To perform isotropic analysis of tissue expansion we used a B-spline-based image registration MATLAB package to register post-ExM to pre-ExM image by landmark selection. The input images for the script were converted to grayscale and downsampled to be smaller than 2000 by 2000 pixels to save computational time. The pixel resolution was manually input into the script for error measurement. The pre-ExM image was set as a static image, and the post-ExM image was set as a moving image to be registered. First, for rigid registration, five landmarks were manually selected and annotated pair wisely in pre- and post-ExM images. After the rigid registration, twenty landmarks were manually selected over all parts of the tissue sample. The script computed nonrigid registration, refinement, deformation vector field, root mean square error plot, and the overlay of pre- and registered post-ExM image. The compiled RMS plot with standard deviation for each tissue type was computed from the error measurement data in saved workspaces of all analyzed samples.

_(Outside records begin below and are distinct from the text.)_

definition slp_T :: "'a rule list \<Rightarrow> 'a list" where
  "slp_T rs = deriv rs (length rs - 1)"

function occ_in :: "'a rule list \<Rightarrow> nat \<Rightarrow> nat \<Rightarrow> nat" where
  "occ_in rs j i = (if j < length rs then
      (if j = i then 1 else 0) +
      (case rs ! j of RTerm a \<Rightarrow> 0
       | RPair l r \<Rightarrow> if l < j \<and> r < j then occ_in rs l i + occ_in rs r i else 0)
     else 0)"
  by pat_completeness auto
termination by (relation "measure (\<lambda>(rs, j, i). j)") auto

declare occ_in.simps[simp del]

definition occ :: "'a rule list \<Rightarrow> nat \<Rightarrow> nat" where
  "occ rs i = occ_in rs (length rs - 1) i"

text \<open>r_{X_i} for X_i = X_l X_r:
  t_{X_i}[max(0,|X_l|-q+1) : min(|X_l|+q-2, |X_i|-1)].\<close>
definition rstr :: "'a rule list \<Rightarrow> nat \<Rightarrow> nat \<Rightarrow> 'a list" where
  "rstr rs q i = (case rs ! i of RTerm a \<Rightarrow> []
     | RPair l r \<Rightarrow> (let t = deriv rs i; a = length (deriv rs l) in
          substr t (a + 1 - q) (min (a + q - 2) (length t - 1))))"

text \<open>Nodes: set of fingerprints; edges: map from (source,target) to (label, counter).\<close>
type_synonym ('a, 'f) graph = "'f set \<times> ('f \<times> 'f \<Rightarrow> ('a \<times> nat) option)"

definition add_edge :: "('a, 'f) graph \<Rightarrow> 'f \<Rightarrow> 'f \<Rightarrow> 'a \<Rightarrow> nat \<Rightarrow> ('a, 'f) graph" where
  "add_edge G u v c m = (let (N, E) = G in
     (insert v N,
      (case E (u, v) of None \<Rightarrow> E((u, v) \<mapsto> (c, m))
       | Some (c', k) \<Rightarrow> E((u, v) \<mapsto> (c', k + m)))))"

definition process_r ::
  "('a list \<Rightarrow> 'f) \<Rightarrow> nat \<Rightarrow> 'a list \<Rightarrow> nat \<Rightarrow> ('a, 'f) graph \<Rightarrow> ('a, 'f) graph" where
  "process_r \<phi> q r m G =
     foldl (\<lambda>G' j. add_edge G' (\<phi> (substr r (j - 1) (j + q - 3))) (\<phi> (substr r j (j + q - 2)))
                      (r ! (j + q - 2)) m)
       (fst G \<union> {\<phi> (substr r 0 (q - 2))}, snd G)
       [1..<length r + 2 - q]"

definition valid_order :: "'a rule list \<Rightarrow> nat \<Rightarrow> nat list \<Rightarrow> bool" where
  "valid_order rs q ord \<longleftrightarrow> distinct ord \<and>
     set ord = {i. i < length rs \<and> (\<exists>l r. rs ! i = RPair l r) \<and> q \<le> length (deriv rs i)}"

definition build_G :: "('a list \<Rightarrow> 'f) \<Rightarrow> nat \<Rightarrow> 'a rule list \<Rightarrow> nat list \<Rightarrow> ('a, 'f) graph" where
  "build_G \<phi> q rs ord = foldl (\<lambda>G i. process_r \<phi> q (rstr rs q i) (occ rs i) G) ({}, Map.empty) ord"

text \<open>Tree nodes are 0..<tn (0 is the root); tedges holds (parent, label, child);
  tcnt gives the counter of the edge entering a node; tlab the fingerprint label.
  vis maps visited graph nodes to their tree node tau; stk is the DFS stack;
  expl the set of already explored graph edges.\<close>
record ('a, 'f) dfs_state =
  tn :: nat
  tedges :: "(nat \<times> 'a \<times> nat) set"
  tcnt :: "nat \<Rightarrow> nat option"
  tlab :: "nat \<Rightarrow> 'f option"
  vis :: "'f \<Rightarrow> nat option"
  stk :: "('f \<times> nat) list"
  expl :: "('f \<times> 'f) set"

definition dfs_init :: "('a list \<Rightarrow> 'f) \<Rightarrow> nat \<Rightarrow> 'a list \<Rightarrow> ('a, 'f) dfs_state" where
  "dfs_init \<phi> q T =
     \<lparr> tn = q,
       tedges = {(j - 1, T ! (j - 1), j) | j. 1 \<le> j \<and> j \<le> q - 1},
       tcnt = Map.empty,
       tlab = [q - 1 \<mapsto> \<phi> (substr T 0 (q - 2))],
       vis = [\<phi> (substr T 0 (q - 2)) \<mapsto> q - 1],
       stk = [(\<phi> (substr T 0 (q - 2)), q - 1)],
       expl = {} \<rparr>"

inductive dfs_step :: "('f \<times> 'f \<Rightarrow> ('a \<times> nat) option) \<Rightarrow> ('a, 'f) dfs_state \<Rightarrow> ('a, 'f) dfs_state \<Rightarrow> bool"
  for E where
  tree_edge: "\<lbrakk> stk S = (x, tx) # rest; E (x, y) = Some (c, m); (x, y) \<notin> expl S; vis S y = None \<rbrakk>
    \<Longrightarrow> dfs_step E S
         (S\<lparr> tn := Suc (tn S), tedges := insert (tx, c, tn S) (tedges S),
             tcnt := (tcnt S)(tn S \<mapsto> m), tlab := (tlab S)(tn S \<mapsto> y),
             vis := (vis S)(y \<mapsto> tn S), stk := (y, tn S) # (x, tx) # rest,
             expl := insert (x, y) (expl S) \<rparr>)"
| leaf_edge: "\<lbrakk> stk S = (x, tx) # rest; E (x, y) = Some (c, m); (x, y) \<notin> expl S; vis S y \<noteq> None \<rbrakk>
    \<Longrightarrow> dfs_step E S
         (S\<lparr> tn := Suc (tn S), tedges := insert (tx, c, tn S) (tedges S),
             tcnt := (tcnt S)(tn S \<mapsto> m), tlab := (tlab S)(tn S \<mapsto> y),
             expl := insert (x, y) (expl S) \<rparr>)"
| finish: "\<lbrakk> stk S = (x, tx) # rest; \<forall>y. E (x, y) \<noteq> None \<longrightarrow> (x, y) \<in> expl S \<rbrakk>
    \<Longrightarrow> dfs_step E S (S\<lparr> stk := rest \<rparr>)"

definition qgrams :: "nat \<Rightarrow> 'a list \<Rightarrow> 'a list set" where
  "qgrams q T = {substr T i (i + q - 1) | i. i + q \<le> length T}"

definition collision_free :: "('a list \<Rightarrow> 'f) \<Rightarrow> nat \<Rightarrow> 'a list \<Rightarrow> bool" where
  "collision_free \<phi> q T \<longleftrightarrow>
     (\<forall>u \<in> qgrams (q - 1) T. \<forall>v \<in> qgrams (q - 1) T. \<phi> u = \<phi> v \<longleftrightarrow> u = v)"

definition is_path :: "(nat \<times> 'a \<times> nat) set \<Rightarrow> nat list \<Rightarrow> 'a list \<Rightarrow> bool" where
  "is_path Ed vs s \<longleftrightarrow> length vs = Suc (length s) \<and>
     (\<forall>i < length s. (vs ! i, s ! i, vs ! Suc i) \<in> Ed)"

end

theory Submission
  imports Defs "HOL-Library.Sublist"
begin

text \<open>A q-gram of t_{X} either lies inside one half of X = X_l X_r or crosses the border, and
  then it lies inside r_{X}; hence the q-grams of the relevant substrings are exactly the
  q-grams of T. With a collision-free fingerprint, G is therefore the de Bruijn graph of T:
  one node per (q-1)-gram and, for every q-gram u c, one edge labelled c from the node of u
  to the node of the suffix of u c. The depth-first traversal keeps two invariants: every
  visited graph node x has a tree node reached by a path spelling a (q-1)-gram with
  fingerprint x, and every explored graph edge produced exactly one tree edge below depth q,
  from the tree node of its source. All (q-1)-gram windows of T are reachable from the start
  node, so a finished traversal has explored every edge, and the tree path ending in the
  corresponding tree edge spells the q-gram. It is unique because tree nodes have unique
  parents and the children created from one node carry pairwise distinct graph nodes.\<close>

section \<open>q-grams of the derived text\<close>

lemma qgrams_conv_take_drop:
  assumes "1 \<le> k"
  shows "qgrams k T = {take k (drop i T) | i. i + k \<le> length T}"
proof -
  have "substr T i (i + k - 1) = take k (drop i T)" for i
    using assms by (simp add: substr_def)
  then show ?thesis unfolding qgrams_def by simp
qed

lemma mem_qgrams_iff:
  assumes "1 \<le> k"
  shows "w \<in> qgrams k T \<longleftrightarrow> length w = k \<and> sublist w T"
proof
  assume "w \<in> qgrams k T"
  then obtain i where "i + k \<le> length T" "w = take k (drop i T)"
    using qgrams_conv_take_drop[OF assms] by blast
  then show "length w = k \<and> sublist w T"
    by (auto intro: sublist_order.order_trans[OF sublist_take sublist_drop])
next
  assume "length w = k \<and> sublist w T"
  then obtain ps ss where "T = ps @ w @ ss" "length w = k"
    unfolding sublist_def by blast
  then have "w = take k (drop (length ps) T)" "length ps + k \<le> length T" by simp_all
  then show "w \<in> qgrams k T"
    using qgrams_conv_take_drop[OF assms] by blast
qed

lemma qgrams_mono:
  assumes "sublist S T" "1 \<le> k"
  shows "qgrams k S \<subseteq> qgrams k T"
  using assms sublist_order.order_trans by (auto simp: mem_qgrams_iff)

lemma butlast_mem_qgrams:
  "w \<in> qgrams (Suc k) T \<Longrightarrow> 1 \<le> k \<Longrightarrow> butlast w \<in> qgrams k T"
  using sublist_order.order_trans[OF sublist_butlast] by (auto simp: mem_qgrams_iff)

lemma tl_mem_qgrams:
  "w \<in> qgrams (Suc k) T \<Longrightarrow> 1 \<le> k \<Longrightarrow> tl w \<in> qgrams k T"
  using sublist_order.order_trans[OF sublist_tl] by (auto simp: mem_qgrams_iff)

lemma sublist_substr:
  assumes "t = ps @ w @ ss" "i \<le> length ps" "length ps + length w \<le> Suc j"
  shows "sublist w (substr t i j)"
proof -
  have "substr t i j = drop i ps @ w @ take (Suc j - i - (length ps - i) - length w) ss"
    using assms by (simp add: substr_def)
  then show ?thesis by simp
qed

Data analysis and statistics

The images were analyzed with ImageJ (version 1.53f51) and Zeiss ZEN 3.1 software. Brain tissue annotations were performed using the DeepSlice online app (https://www.deepslice.com.au/) and the QuickNII VisuAlign software. MS data were analyzed using FragPipe platform (version 15.0) with the MSFragger (version 3.1.1) and the DIA-NN software (version 1.7.15). Statistical charts are drawn with PRISM (version 9.2.0), R (version 4.0.3), Python (version 3.7) and MATLAB (version R2021a). Isotropic analysis calculation performed with MATLAB (version R2021a). Missing values were omitted when we calculated the fold change. In the t-SNE analysis, missing values were imputed by 0.8*min intensity in the matrix of 6215 proteins. The differentially expressed protein (DEP) comparison of AD vs. WT was performed at a threshold of adjusted P-value <0.05 and fold change >2 (P-values were calculated by two-tailed Student’s t test and adjusted by the method of Benjamini–Hochberg). GO term enrichment was conducted by Metascape web server (http://metascape.org/) using default parameters. Pathway enrichment and biomarkers identification were performed by IPA, in which the P-value was estimated by right-tailed Fisher’s exact test. We did not perform a power analysis for sample number, since our goal was to develop a new technology; as noted in ref. 47, and recommended by the NIH, “In experiments based on the success or failure of a desired goal, the number of animals required is difficult to estimate…” As noted in the aforementioned paper, “The number of animals required is usually estimated by experience instead of by any formal statistical calculation, although the procedures will be terminated [when the goal is achieved].” The number of samples used reflect our past experience in developing biotechnologies.

Reporting summary

Further information on research design is available in the Nature Portfolio Reporting Summary linked to this article.